◆ **Work instructions**: Below are the entries. Transcribe exactly the lines from the one with "(p ^ m - Nsq" through the one with "(simp add: abs_less_iff)", ends included, and leave out all others.
——————
text \<open>Completing the square: with \<open>a L z\<^sub>0 = - b\<close>, \<open>a Q (y + z\<^sub>0) = a Q y - Tr (b y) + a Q z\<^sub>0\<close>.\<close>

definition centre :: "'a \<Rightarrow> 'a \<Rightarrow> 'a" where "centre a b = L_inv (- b / a)"

lemma card_Q_eq_trace_linear:
  assumes "a \<in> Fp" "a \<noteq> 0"
  shows "card {y. a * Q y = Tr (b * y)} = Nsq (Q (centre a b))"
proof -
  let ?z = "centre a b"
  have Lz: "a * L ?z = - b" unfolding centre_def L_L_inv using assms(2) by simp
  have "a * Tr (y * L ?z) = Tr (y * (a * L ?z))" for y
    using trace_scale[OF assms(1), of "y * L ?z"] by (simp add: ac_simps)
  hence complete: "a * Q (y + ?z) = a * Q y + a * Q ?z - Tr (b * y)" for y
    unfolding Q_add Lz by (simp add: algebra_simps trace_minus)
  have shifted: "a * Q y = Tr (b * y) \<longleftrightarrow> Q (y + ?z) = Q ?z" for y
  proof -
    have "Q (y + ?z) = Q ?z \<longleftrightarrow> a * Q (y + ?z) = a * Q ?z" using assms(2) by simp
    also have "\<dots> \<longleftrightarrow> a * Q y = Tr (b * y)" unfolding complete by (simp add: algebra_simps)
    finally show ?thesis by simp
  qed
  have "{y. a * Q y = Tr (b * y)} = (\<lambda>y. y - ?z) ` {y. Q y = Q ?z}"
  proof (intro equalityI subsetI)
    fix y assume "y \<in> {y. a * Q y = Tr (b * y)}"
    hence "y + ?z \<in> {y. Q y = Q ?z}" "y = (y + ?z) - ?z" using shifted by auto
    thus "y \<in> (\<lambda>y. y - ?z) ` {y. Q y = Q ?z}" by (rule rev_image_eqI)
  qed (auto simp: shifted)
  hence "card {y. a * Q y = Tr (b * y)} = card {y. Q y = Q ?z}"
    by (simp add: card_image inj_on_def)
  thus ?thesis unfolding Nsq_def card_Q_fibre .
qed

definition wt :: "'a \<Rightarrow> 'a \<Rightarrow> nat" where "wt a b = hweight p m u (codeword p m u a b)"

definition w0 :: nat where "w0 = p ^ m * q_div_p - q_div_p * q_div_p"
definition w1 :: nat where "w1 = p ^ m * q_div_p - q_div_p * Nsq 0"
definition w2 :: nat where "w2 = p ^ m * q_div_p - q_div_p * Nsq 1"

lemma wt_eq:
  "wt a b = (if a = 0 \<and> b = 0 then 0
             else if a \<in> Fp - {0} then (if Q (centre a b) = 0 then w1 else w2)
             else w0)"
proof -
  consider "a = 0" "b = 0" | "a = 0" "b \<noteq> 0" | "a \<in> Fp - {0}" | "a \<notin> Fp" by auto
  thus ?thesis
  proof cases
    case 1
    hence "D0_ker a b = D0" unfolding D0_ker_def D0_def by simp
    thus ?thesis using 1 unfolding wt_def hweight_codeword by (simp add: card_D0)
  next
    case 2
    have "{y::'a. 0 * Q y = Tr (b * y)} = {y. Tr (b * y) = 0}" by auto
    hence "card {y::'a. 0 * Q y = Tr (b * y)} = q_div_p"
      using card_trace_scaled_fibre[OF 2(2) Fp_0] unfolding q_div_p_def by simp
    hence "card (D0_ker a b) = q_div_p * q_div_p" using 2 card_D0_ker_Fp[OF Fp_0] by simp
    thus ?thesis using 2 unfolding wt_def hweight_codeword w0_def by simp
  next
    case 3
    have "Nsq (Q z) = (if Q z = 0 then Nsq 0 else Nsq 1)" for z
      using Nsq_Fp_nonzero[OF trace_in_Fp] unfolding Q_def by auto
    moreover have "card (D0_ker a b) = Nsq (Q (centre a b)) * q_div_p"
      using 3 card_D0_ker_Fp card_Q_eq_trace_linear by simp
    ultimately show ?thesis using 3
      unfolding wt_def hweight_codeword w1_def w2_def by (simp add: mult.commute)
  next
    case 4
    thus ?thesis using Fp_0 unfolding wt_def hweight_codeword w0_def by (auto simp: card_D0_ker_not_Fp)
  qed
qed

lemma Nsq_le: "Nsq c \<le> p ^ m"
  unfolding Nsq_def using card_mono[of "UNIV::'a set" "{y. Tr (y ^ 2) = c}"] card_field by simp

lemma int_w0: "int w0 = (int p - 1) * int q_div_p ^ 2"
proof -
  have "q_div_p * q_div_p \<le> p ^ m * q_div_p"
    using p_mult_q_div_p[symmetric] p_gt_1 by (intro mult_right_mono) simp_all
  thus ?thesis unfolding w0_def using p_mult_q_div_p[symmetric]
    by (simp add: of_nat_diff power2_eq_square algebra_simps)
qed

lemma int_w1: "int w1 = (int p - 1) * int q_div_p * (int q_div_p + g)"
proof -
  have "q_div_p * Nsq 0 \<le> p ^ m * q_div_p" using Nsq_le by (simp add: mult.commute)
  hence "int w1 = int (p ^ m * q_div_p) - int q_div_p * int (Nsq 0)" unfolding w1_def by (simp add: of_nat_diff)
  thus ?thesis using Nsq_0 p_mult_q_div_p[symmetric] by (simp add: algebra_simps)
qed

lemma int_w2: "int w2 = int q_div_p * ((int p - 1) * int q_div_p - g)"
proof -
  have "q_div_p * Nsq 1 \<le> p ^ m * q_div_p" using Nsq_le by (simp add: mult.commute)
  hence "int w2 = int (p ^ m * q_div_p) - int q_div_p * int (Nsq 1)" unfolding w2_def by (simp add: of_nat_diff)
  thus ?thesis using Nsq_1 p_mult_q_div_p[symmetric] by (simp add: algebra_simps)
qed

text \<open>From \<open>p g\<^sup>2 = q_div_p\<close> and \<open>q_div_p \<ge> p\<close>: \<open>((p - 1) g)\<^sup>2 < q_div_p\<^sup>2\<close>.\<close>

lemma abs_pred_p_mult_g_less: "\<bar>(int p - 1) * g\<bar> < int q_div_p"
proof -
  have "(int p - 1) ^ 2 < int p * int p" using p_gt_1 by (simp add: power2_eq_square algebra_simps)
  also have "\<dots> \<le> int p * int q_div_p" using q_div_p_ge_p by (intro mult_left_mono) auto
  finally have "(int p - 1) ^ 2 * int q_div_p < int p * int q_div_p * int q_div_p"
    using q_div_p_ge_p p_gt_1 by simp
  hence "int p * (((int p - 1) * g) ^ 2) < int p * (int q_div_p) ^ 2"
    using p_mult_g_squared by (simp add: power_mult_distrib power2_eq_square algebra_simps)
  hence "\<bar>(int p - 1) * g\<bar> ^ 2 < (int q_div_p) ^ 2" using p_gt_1 by simp
  thus ?thesis by (rule power2_less_imp_less) simp
qed

lemma abs_g_less: "\<bar>g\<bar> < int q_div_p"
proof -
  have "\<bar>g\<bar> \<le> \<bar>(int p - 1) * g\<bar>" using p_gt_1 by (simp add: abs_mult mult_le_cancel_right1)
  thus ?thesis using abs_pred_p_mult_g_less by simp
qed

lemma weights_distinct: "w0 \<noteq> 0" "w1 \<noteq> 0" "w2 \<noteq> 0" "w0 \<noteq> w1" "w0 \<noteq> w2" "w1 \<noteq> w2"
proof -
  have p1: "int p - 1 > 0" using p_gt_1 by simp
  have P: "int q_div_p > 0" using q_div_p_ge_p p_gt_1 by simp
  have g_neq_0: "g \<noteq> 0" using p_mult_g_squared P by auto
  have "int q_div_p \<le> (int p - 1) * int q_div_p" using p1 P by simp
  hence "(int p - 1) * int q_div_p - g > 0" using abs_g_less by linarith
  hence "int w2 > 0" unfolding int_w2 using P by simp
  thus "w2 \<noteq> 0" by simp
  have "int w0 > 0" unfolding int_w0 using p1 P by simp
  thus "w0 \<noteq> 0" by simp
  have "int w1 > 0" unfolding int_w1 using p1 P abs_g_less by simp
  thus "w1 \<noteq> 0" by simp
  have "int w1 - int w0 = (int p - 1) * int q_div_p * g" unfolding int_w0 int_w1 by (simp add: algebra_simps power2_eq_square)
  thus "w0 \<noteq> w1" using p1 P g_neq_0 by auto
  have "int w0 - int w2 = int q_div_p * g" unfolding int_w0 int_w2 by (simp add: algebra_simps power2_eq_square)
  thus "w0 \<noteq> w2" using P g_neq_0 by auto
  have "int w1 - int w2 = int p * int q_div_p * g" unfolding int_w1 int_w2 by (simp add: algebra_simps)
  thus "w1 \<noteq> w2" using P g_neq_0 p_gt_1 by auto
qed

lemma card_centre_preimage:
  assumes "a \<noteq> 0" shows "card {b. P (Q (centre a b))} = card {z. P (Q z)}"
proof -
  have "inj (centre a)"
  proof (rule injI)
    fix b b' assume "centre a b = centre a b'"
    hence "- b / a = - b' / a" unfolding centre_def by (metis L_L_inv)
    thus "b = b'" using assms by simp
  qed
  moreover have "surj (centre a)"
    using assms by (intro surjI[of _ "\<lambda>z. - (a * L z)"]) (simp add: centre_def L_inv_L)
  ultimately have "card (centre a -` {z. P (Q z)}) = card {z. P (Q z)}"
    by (intro card_vimage_inj) auto
  thus ?thesis by (simp add: vimage_def)
qed

lemma card_pairs_Fp_centre:
  "card {(a, b). a \<in> Fp - {0} \<and> P (Q (centre a b))} = (p - 1) * card {z. P (Q z)}"
proof -
  have "{(a, b). a \<in> Fp - {0} \<and> P (Q (centre a b))} = (SIGMA a:Fp - {0}. {b. P (Q (centre a b))})"
    by auto
  hence "card {(a, b). a \<in> Fp - {0} \<and> P (Q (centre a b))} = (\<Sum>a\<in>Fp - {0}. card {b. P (Q (centre a b))})"
    by (simp add: card_SigmaI)
  also have "\<dots> = (\<Sum>a\<in>Fp - {0}. card {z. P (Q z)})" by (rule sum.cong) (auto simp: card_centre_preimage)
  finally show ?thesis using card_Fp_nonzero by simp
qed

lemma card_Q_eq_0: "card {z::'a. Q z = 0} = Nsq 0" unfolding Nsq_def by (rule card_Q_fibre)

lemma card_Q_neq_0: "card {z::'a. Q z \<noteq> 0} = p ^ m - Nsq 0"
proof -
  have "{z::'a. Q z \<noteq> 0} = UNIV - {z. Q z = 0}" by auto
  thus ?thesis using card_Q_eq_0 card_field by (simp add: card_Diff_subset)
qed

lemma wt_eq_0_iff: "{(a, b). wt a b = 0} = {(0, 0)}"
  using weights_distinct by (auto simp: wt_eq split: if_splits)

lemma card_wt_eq_w1: "card {(a, b). wt a b = w1} = (p - 1) * Nsq 0"
proof -
  have "{(a, b). wt a b = w1} = {(a, b). a \<in> Fp - {0} \<and> Q (centre a b) = 0}"
    using weights_distinct by (auto simp: wt_eq split: if_splits)
  thus ?thesis using card_pairs_Fp_centre[of "\<lambda>t. t = 0"] card_Q_eq_0 by simp
qed

lemma card_wt_eq_w2: "card {(a, b). wt a b = w2} = (p - 1) * (p ^ m - Nsq 0)"
proof -
  have "{(a, b). wt a b = w2} = {(a, b). a \<in> Fp - {0} \<and> Q (centre a b) \<noteq> 0}"
    using weights_distinct by (auto simp: wt_eq split: if_splits)
  thus ?thesis using card_pairs_Fp_centre[of "\<lambda>t. t \<noteq> 0"] card_Q_neq_0 by simp
qed

lemma range_wt: "range (\<lambda>(a, b). wt a b) = {0, w0, w1, w2}"
proof
  show "range (\<lambda>(a, b). wt a b) \<subseteq> {0, w0, w1, w2}" by (auto simp: wt_eq)
  have "L 0 = 0" unfolding L_def using p_gt_1 by (simp add: power_0_left)
  hence "wt 1 0 = w1" using Fp_1 L_inv_L[of 0] by (simp add: wt_eq centre_def)
  moreover have "wt 1 (- L z) = w2" if "Q z \<noteq> 0" for z
    using that Fp_1 by (simp add: wt_eq centre_def L_inv_L)
  moreover obtain z where "Q z \<noteq> 0"
  proof -
    have "int (Nsq 0) < 2 * int q_div_p" using Nsq_0 abs_pred_p_mult_g_less by (simp add: abs_less_iff)
    also have "2 * int q_div_p \<le> int p * int q_div_p" using p_ge_3 by (intro mult_right_mono) auto
    finally have "Nsq 0 < p ^ m" using p_mult_q_div_p by (simp flip: of_nat_mult)
    hence "{z::'a. Q z \<noteq> 0} \<noteq> {}" using card_Q_neq_0 by (metis card.empty zero_less_diff less_irrefl)
    thus ?thesis using that by auto
  qed
  moreover have "wt 0 0 = 0" "wt 0 1 = w0" by (simp_all add: wt_eq Fp_0)
  moreover have "wt a b \<in> range (\<lambda>(a, b). wt a b)" for a b
    by (metis (no_types) case_prod_conv rangeI)
  ultimately show "{0, w0, w1, w2} \<subseteq> range (\<lambda>(a, b). wt a b)" by (metis insert_subset empty_subsetI)
qed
——————
◆ **Solution to this task**:
lemma card_wt_eq_w2: "card {(a, b). wt a b = w2} = (p - 1) * (p ^ m - Nsq 0)"
proof -
  have "{(a, b). wt a b = w2} = {(a, b). a \<in> Fp - {0} \<and> Q (centre a b) \<noteq> 0}"
    using weights_distinct by (auto simp: wt_eq split: if_splits)
  thus ?thesis using card_pairs_Fp_centre[of "\<lambda>t. t \<noteq> 0"] card_Q_neq_0 by simp
qed

lemma range_wt: "range (\<lambda>(a, b). wt a b) = {0, w0, w1, w2}"
proof
  show "range (\<lambda>(a, b). wt a b) \<subseteq> {0, w0, w1, w2}" by (auto simp: wt_eq)
  have "L 0 = 0" unfolding L_def using p_gt_1 by (simp add: power_0_left)
  hence "wt 1 0 = w1" using Fp_1 L_inv_L[of 0] by (simp add: wt_eq centre_def)
  moreover have "wt 1 (- L z) = w2" if "Q z \<noteq> 0" for z
    using that Fp_1 by (simp add: wt_eq centre_def L_inv_L)
  moreover obtain z where "Q z \<noteq> 0"
  proof -
    have "int (Nsq 0) < 2 * int q_div_p" using Nsq_0 abs_pred_p_mult_g_less by (simp add: abs_less_iff)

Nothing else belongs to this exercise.